Material for this exercise:
>>

(* Fix $\zeta\in Z$ and let $(k_c,k_e)$ be a pair of monotone decreasing kinetic functions (as defined in the context), with associated numbers $\tau_\ell^{sc}$ and $\tau_v^{sc}:=k_c(\tau_\ell^{sc})$. (a) For every fixed $\tau_R\in(\tau_v^{\min},\tau_v^{sc}]$ there exists a unique $\hat\tau\in\mathcal A_\ell$ such that $$p'(\tau_R)=\frac{p(\tau_R)-p(\hat\tau)-\zeta}{\tau_R-\hat\tau},$$ or equivalently $c(\tau_R)=s_c(\hat\tau,\tau_R)$. Moreover $\hat\tau\in(\tau_\ell^{\min},\tau_\ell^{sc}]$. (b) For every fixed $\tau_R>\tau_v^{sc}$ there exists a unique $\check\tau$ in the domain $[\tau_\ell^{sc},\tau_\ell^{sat}]\subset\mathcal A_\ell$ of $k_c$ such that $$\frac{p(k_c(\check\tau))-p(\check\tau)-\zeta}{k_c(\check\tau)-\check\tau}=\frac{p(\tau_R)-p(\check\tau)-\zeta}{\tau_R-\check\tau},$$ or equivalently $s_c(\check\tau,k_c(\check\tau))=s_c(\check\tau,\tau_R)$. Moreover $\check\tau\in(\tau_\ell^{sc},\tau_\ell^{sat})$.
   Context: Thermodynamic setting. Fix real numbers $0<\tau_\ell^{\min}<\tau_\ell^{\max}<\tau_v^{\min}$ and $\zeta^{\min}<0<\zeta^{\max}$. Set $\mathcal A_\ell=(\tau_\ell^{\min},\tau_\ell^{\max})$, $\mathcal A_v=(\tau_v^{\min},\infty)$ and $Z=(\zeta^{\min},\zeta^{\max})$. Let $p\in C^2(\mathcal A_\ell\cup\mathcal A_v)$ and $\psi,\mu\in C^3(\mathcal A_\ell\cup\mathcal A_v)$ with $p=-\psi'$ and $\mu=\psi+p\tau$. Assume: (H1) $p'<0$; (H2) $p''>0$ on $\mathcal A_\ell\cup\mathcal A_v$; (H3) for every $\zeta\in Z$ there exist $\tau_\ell^{sat}(\zeta)\in\mathcal A_\ell$, $\tau_v^{sat}(\zeta)\in\mathcal A_v$ with $p(\tau_v^{sat})-p(\tau_\ell^{sat})=\zeta$, $\mu(\tau_v^{sat})=\mu(\tau_\ell^{sat})$; (H4) $p(\tau)\to\infty$ as $\tau\to\tau_\ell^{\min}$; (H5) $p'(\tau_\ell)<p'(\tau_v)$ for all $\tau_\ell\in\mathcal A_\ell,\tau_v\in\mathcal A_v$; (H6) $\int_{\tau_v^{\min}}^R c\,d\tau\to\infty$ as $R\to\infty$, where $c(\tau)=\sqrt{-p'(\tau)}$. For the fixed $\zeta$ write $\tau_\ell^{sat}=\tau_\ell^{sat}(\zeta)$, $\tau_v^{sat}=\tau_v^{sat}(\zeta)$. Speeds: $s_e(\tau_\ell,\tau_v)=-\sqrt{\frac{\zeta-p(\tau_v)+p(\tau_\ell)}{\tau_v-\tau_\ell}}$, $s_c(\tau_\ell,\tau_v)=+\sqrt{\frac{\zeta-p(\tau_v)+p(\tau_\ell)}{\tau_v-\tau_\ell}}$. Driving force: $f(\tau_\ell,\tau_v)=\psi(\tau_v)-\psi(\tau_\ell)+(\tau_v-\tau_\ell)\frac{p(\tau_\ell)+p(\tau_v)}2+\zeta\frac{\tau_\ell+\tau_v}2$. Pair of monotone decreasing kinetic functions: given numbers $\tau_\ell^{sc}\in(\tau_\ell^{\min},\tau_\ell^{sat})$, $\tau_v^{se}\in(\tau_v^{\min},\infty)$ and differentiable functions $k_c:[\tau_\ell^{sc},\tau_\ell^{sat}]\to\mathcal A_v$, $k_e:[\tau_v^{sat},\tau_v^{se}]\to\mathcal A_\ell$ such that $k_c'\le0$, $k_e'\le0$; $f(\tau_\ell,k_c(\tau_\ell))\ge0$ for all $\tau_\ell\in[\tau_\ell^{sc},\tau_\ell^{sat}]$ and $f(k_e(\tau_v),\tau_v)\le0$ for all $\tau_v\in[\tau_v^{sat},\tau_v^{se}]$; $k_c(\tau_\ell^{sat})=\tau_v^{sat}$, $k_c(\tau_\ell^{sc})=\tau_v^{sc}$ with $|s_c(\tau_\ell^{sc},\tau_v^{sc})|=c(\tau_v^{sc})$; $k_e(\tau_v^{sat})=\tau_\ell^{sat}$, $k_e(\tau_v^{se})=\tau_\ell^{se}$ with $|s_e(\tau_\ell^{se},\tau_v^{se})|=c(\tau_v^{se})$, and $k_e'(\tau_v^{se})=0$. *)

theory Defs
  imports "HOL-Analysis.Analysis"
begin

definition Ck_on :: "nat \<Rightarrow> real set \<Rightarrow> (real \<Rightarrow> real) \<Rightarrow> bool" where
  "Ck_on k S f \<longleftrightarrow> (\<exists>D. D 0 = f \<and>
     (\<forall>i<k. \<forall>x\<in>S. (D i has_real_derivative D (Suc i) x) (at x)) \<and>
     continuous_on S (D k))"

definition sound_speed :: "(real \<Rightarrow> real) \<Rightarrow> real \<Rightarrow> real" where
  "sound_speed p \<tau> = sqrt (- deriv p \<tau>)"

definition s_c :: "(real \<Rightarrow> real) \<Rightarrow> real \<Rightarrow> real \<Rightarrow> real \<Rightarrow> real" where
  "s_c p \<zeta> \<tau>l \<tau>v = sqrt ((\<zeta> - p \<tau>v + p \<tau>l) / (\<tau>v - \<tau>l))"

definition s_e :: "(real \<Rightarrow> real) \<Rightarrow> real \<Rightarrow> real \<Rightarrow> real \<Rightarrow> real" where
  "s_e p \<zeta> \<tau>l \<tau>v = - sqrt ((\<zeta> - p \<tau>v + p \<tau>l) / (\<tau>v - \<tau>l))"

definition driving_force ::
  "(real \<Rightarrow> real) \<Rightarrow> (real \<Rightarrow> real) \<Rightarrow> real \<Rightarrow> real \<Rightarrow> real \<Rightarrow> real" where
  "driving_force \<psi> p \<zeta> \<tau>l \<tau>v =
     \<psi> \<tau>v - \<psi> \<tau>l + (\<tau>v - \<tau>l) * ((p \<tau>l + p \<tau>v) / 2) + \<zeta> * ((\<tau>l + \<tau>v) / 2)"

end

theory Submission
  imports Defs
begin
lemma (in comm_group) divisible_group_Mod_iff:
  assumes "subgroup H G" "subgroup N G" "N \<subseteq> H"
  shows "divisible_group (subgroup_generated G H Mod N) \<longleftrightarrow>
           (\<forall>x\<in>H. \<forall>n::nat. n > 0 \<longrightarrow> (\<exists>y\<in>H. x \<in> N #> y [^] n))"
proof -
  let ?K = "subgroup_generated G H"
  have carrier_K: "carrier ?K = H"
    using assms(1) by (rule subgroup.carrier_subgroup_generated_subgroup)
  interpret K: comm_group ?K by (intro abelian_subgroup_generated comm_group_axioms)
  have "subgroup N ?K" using assms(2,3) carrier_K by (simp add: subgroup_subgroup_generated_iff)
  then interpret N: normal N ?K by (rule K.subgroup_imp_normal)
  have rcos_K: "r_coset ?K = r_coset G" and pow_K: "pow ?K = (pow G :: _ \<Rightarrow> nat \<Rightarrow> _)"
    by (simp_all add: r_coset_def fun_eq_iff pow_subgroup_generated)
  have pow_coset: "(N #> y) [^]\<^bsub>?K Mod N\<^esub> n = N #> y [^] n" if "y \<in> H" for y and n :: nat
    using hom_nat_pow[OF N.r_coset_hom_Mod _ K.is_group N.factorgroup_is_group] that carrier_K rcos_K pow_K
    by simp
  have coset_eq: "N #> y = N #> x \<longleftrightarrow> x \<in> N #> y" if "x \<in> H" "y \<in> H" for x y
    using K.repr_independence[of x N y] K.rcos_self[of x N] that carrier_K rcos_K \<open>subgroup N ?K\<close>
    by auto
  have "(\<exists>D\<in>carrier (?K Mod N). D [^]\<^bsub>?K Mod N\<^esub> n = N #> x) \<longleftrightarrow> (\<exists>y\<in>H. x \<in> N #> y [^] n)"
    if "x \<in> H" for x and n :: nat
  proof -
    have "y [^] n \<in> H" if "y \<in> H" for y using assms(1) that by (rule subgroup_nat_pow_closed)
    then show ?thesis
      unfolding carrier_FactGroup carrier_K rcos_K using pow_coset coset_eq \<open>x \<in> H\<close> by auto
  qed
  then show ?thesis
    unfolding divisible_group_def carrier_FactGroup carrier_K rcos_K by auto
qed

lemma divisible_group_Mod_image:
  fixes G (structure)
  assumes "comm_group G" "comm_group G'" "subgroup H G" "subgroup N G" "N \<subseteq> H"
    and f: "f \<in> hom (subgroup_generated G H) G'"
    and div: "divisible_group (subgroup_generated G H Mod N)"
  shows "divisible_group (subgroup_generated G' (f ` H) Mod f ` N)"
proof -
  let ?K = "subgroup_generated G H"
  interpret G: comm_group G by fact
  interpret G': comm_group G' by fact
  have carrier_K: "carrier ?K = H"
    using assms(3) by (rule subgroup.carrier_subgroup_generated_subgroup)
  interpret f: group_hom ?K G' f
    using f by (simp add: group_hom_def group_hom_axioms_def G.group_subgroup_generated)
  have "subgroup N ?K" using assms(4,5) carrier_K by (simp add: G.subgroup_subgroup_generated_iff)
  then have sub_fN: "subgroup (f ` N) G'" by (rule f.subgroup_img_is_subgroup)
  have sub_fH: "subgroup (f ` H) G'" using f.img_is_subgroup carrier_K by simp
  have mult_K: "x \<otimes>\<^bsub>?K\<^esub> y = x \<otimes> y" and pow_K: "x [^]\<^bsub>?K\<^esub> n = x [^] n" for x y and n :: nat
    by (simp_all add: pow_subgroup_generated)
  show ?thesis
    unfolding G'.divisible_group_Mod_iff[OF sub_fH sub_fN image_mono[OF assms(5)]]
  proof (intro ballI allI impI)
    fix x and n :: nat assume "x \<in> f ` H" "n > 0"
    then obtain g where g: "g \<in> H" "x = f g" by blast
    then obtain y where y: "y \<in> H" "g \<in> N #> y [^] n"
      using div \<open>n > 0\<close> G.divisible_group_Mod_iff[OF assms(3-5)] by blast
    then obtain t where t: "t \<in> N" "g = t \<otimes> y [^] n" unfolding r_coset_def by blast
    have "t \<in> H" "y [^] n \<in> H"
      using t(1) assms(5) subgroup_nat_pow_closed[OF assms(3) y(1)] by auto
    then have "f g = f t \<otimes>\<^bsub>G'\<^esub> f y [^]\<^bsub>G'\<^esub> n"
      using t(2) y(1) f.hom_mult[of t "y [^] n"] f.hom_nat_pow[of y n] carrier_K
      by (simp add: mult_K pow_K)
    then have "x \<in> f ` N #>\<^bsub>G'\<^esub> f y [^]\<^bsub>G'\<^esub> n"
      using g t unfolding r_coset_def by blast
    then show "\<exists>z\<in>f ` H. x \<in> f ` N #>\<^bsub>G'\<^esub> z [^]\<^bsub>G'\<^esub> n" using y by blast
  qed
qed


definition pure_subgroup :: "('a, 'b) monoid_scheme \<Rightarrow> 'a set \<Rightarrow> bool" where
  "pure_subgroup H S \<longleftrightarrow> subgroup S H \<and>
     (\<forall>n::nat. n > 0 \<longrightarrow> (\<forall>x\<in>S. (\<exists>y\<in>carrier H. y [^]\<^bsub>H\<^esub> n = x) \<longrightarrow> (\<exists>y\<in>S. y [^]\<^bsub>H\<^esub> n = x)))"

locale primary_family =
  fixes Tp :: "nat \<Rightarrow> ('a, 'b) monoid_scheme"
  assumes primary: "\<And>p::nat. Factorial_Ring.prime p \<Longrightarrow>
        comm_group (Tp p) \<and> finite (carrier (Tp p)) \<and>
        (\<forall>x\<in>carrier (Tp p). \<exists>k::nat. x [^]\<^bsub>Tp p\<^esub> (p ^ k) = \<one>\<^bsub>Tp p\<^esub>)"
begin

abbreviation prodT :: "(nat \<Rightarrow> 'a) monoid" where
  "prodT \<equiv> product_group {p. Factorial_Ring.prime p} Tp"

abbreviation sumT :: "(nat \<Rightarrow> 'a) set" where
  "sumT \<equiv> carrier (sum_group {p. Factorial_Ring.prime p} Tp)"

lemma group_Tp: "Factorial_Ring.prime p \<Longrightarrow> group (Tp p)"
  using primary[of p] comm_group.axioms(2) by auto

lemma finite_carrier_Tp: "Factorial_Ring.prime p \<Longrightarrow> finite (carrier (Tp p))"
  using primary[of p] by auto

lemma primary_element:
  "Factorial_Ring.prime p \<Longrightarrow> x \<in> carrier (Tp p) \<Longrightarrow> \<exists>k. x [^]\<^bsub>Tp p\<^esub> (p ^ k) = \<one>\<^bsub>Tp p\<^esub>"
  using primary[of p] by auto

lemma comm_group_prodT: "comm_group prodT"
  using primary[THEN conjunct1] by (intro comm_group_product_group) simp

lemma group_prodT: "group prodT"
  using comm_group_prodT comm_group.axioms(2) by blast

lemma carrier_sumT: "sumT = {x \<in> carrier prodT. finite {p. Factorial_Ring.prime p \<and> x p \<noteq> \<one>\<^bsub>Tp p\<^esub>}}"
  using carrier_sum_group[of "{p. Factorial_Ring.prime p}" Tp] group_Tp by simp

lemma subgroup_sumT: "subgroup sumT prodT"
  using subgroup_sum_group[of "{p. Factorial_Ring.prime p}" Tp] group_Tp carrier_sumT by simp

text \<open>The factor \<open>p ^ order (Tp p)\<close> rather than \<open>order (Tp p)\<close> makes every prime divisor of
  the exponent lie in \<open>P\<close> without an appeal to Cauchy's theorem.\<close>
definition primary_exponent :: "nat set \<Rightarrow> nat" where
  "primary_exponent P = (\<Prod>p\<in>P. p ^ order (Tp p))"

lemma primary_exponent_pos: "\<forall>p\<in>P. Factorial_Ring.prime p \<Longrightarrow> primary_exponent P > 0"
  unfolding primary_exponent_def by (simp add: prime_gt_0_nat prod_pos)

lemma pow_primary_exponent_eq_one:
  assumes "finite P" "p \<in> P" "Factorial_Ring.prime p" "y \<in> carrier (Tp p)"
  shows "y [^]\<^bsub>Tp p\<^esub> primary_exponent P = \<one>\<^bsub>Tp p\<^esub>"
proof -
  interpret group "Tp p" using assms(3) by (rule group_Tp)
  obtain k where "y [^]\<^bsub>Tp p\<^esub> (p ^ k) = \<one>\<^bsub>Tp p\<^esub>" using primary_element assms(3,4) by blast
  then have "ord y dvd p ^ order (Tp p)"
    using pow_prime_power_order_eq_one finite_carrier_Tp assms(3,4) pow_eq_id by blast
  also have "\<dots> dvd primary_exponent P"
    unfolding primary_exponent_def using assms(1,2) by (rule dvd_prodI)
  finally show ?thesis using assms(4) pow_eq_id by blast
qed

lemma prime_dvd_primary_exponent_imp_mem:
  assumes "finite P" "\<forall>p\<in>P. Factorial_Ring.prime p" "Factorial_Ring.prime q" "q dvd primary_exponent P"
  shows "q \<in> P"
proof -
  have "\<exists>p\<in>P. q dvd p ^ order (Tp p)"
    using assms(4) prime_dvd_prod_iff[OF assms(1,3)] by (simp add: primary_exponent_def)
  then obtain p where p: "p \<in> P" "q dvd p ^ order (Tp p)" ..
  then have "q = p"
    using primes_dvd_imp_eq[OF assms(3)] prime_dvd_power[OF assms(3)] assms(2) by blast
  with p(1) show ?thesis by simp
qed

lemma component_eq_one_if_not_dvd:
  assumes "y \<in> carrier prodT" "y [^]\<^bsub>prodT\<^esub> m = \<one>\<^bsub>prodT\<^esub>" "Factorial_Ring.prime q" "\<not> q dvd m"
  shows "y q = \<one>\<^bsub>Tp q\<^esub>"
proof -
  interpret group "Tp q" using assms(3) by (rule group_Tp)
  have yq: "y q \<in> carrier (Tp q)" using assms(1,3) by auto
  obtain k where "y q [^]\<^bsub>Tp q\<^esub> (q ^ k) = \<one>\<^bsub>Tp q\<^esub>" using primary_element assms(3) yq by blast
  then have "coprime m (ord (y q))"
    using coprime_ord_if_pow_prime_power_eq_one assms(3,4) yq by blast
  moreover have "y q [^]\<^bsub>Tp q\<^esub> m = \<one>\<^bsub>Tp q\<^esub>"
    using assms(2,3) unfolding pow_eq_one_product_group_iff by simp
  ultimately show ?thesis using eq_one_if_pow_eq_one_coprime_ord yq by blast
qed

lemma exists_root_component:
  assumes "Factorial_Ring.prime q" "\<not> q dvd n" "y \<in> carrier (Tp q)"
  shows "\<exists>z\<in>carrier (Tp q). z [^]\<^bsub>Tp q\<^esub> n = y"
proof -
  interpret group "Tp q" using assms(1) by (rule group_Tp)
  obtain k where "y [^]\<^bsub>Tp q\<^esub> (q ^ k) = \<one>\<^bsub>Tp q\<^esub>" using primary_element assms(1,3) by blast
  then show ?thesis
    using exists_root_if_coprime_ord coprime_ord_if_pow_prime_power_eq_one assms by blast
qed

<<

Exercise aim: Each line that mentions the string "longleftrightarrow" must be copied from the listing.

Answer for this exercise:
  "Ck_on k S f \<longleftrightarrow> (\<exists>D. D 0 = f \<and>
  shows "divisible_group (subgroup_generated G H Mod N) \<longleftrightarrow>
  have coset_eq: "N #> y = N #> x \<longleftrightarrow> x \<in> N #> y" if "x \<in> H" "y \<in> H" for x y
  have "(\<exists>D\<in>carrier (?K Mod N). D [^]\<^bsub>?K Mod N\<^esub> n = N #> x) \<longleftrightarrow> (\<exists>y\<in>H. x \<in> N #> y [^] n)"
  "pure_subgroup H S \<longleftrightarrow> subgroup S H \<and>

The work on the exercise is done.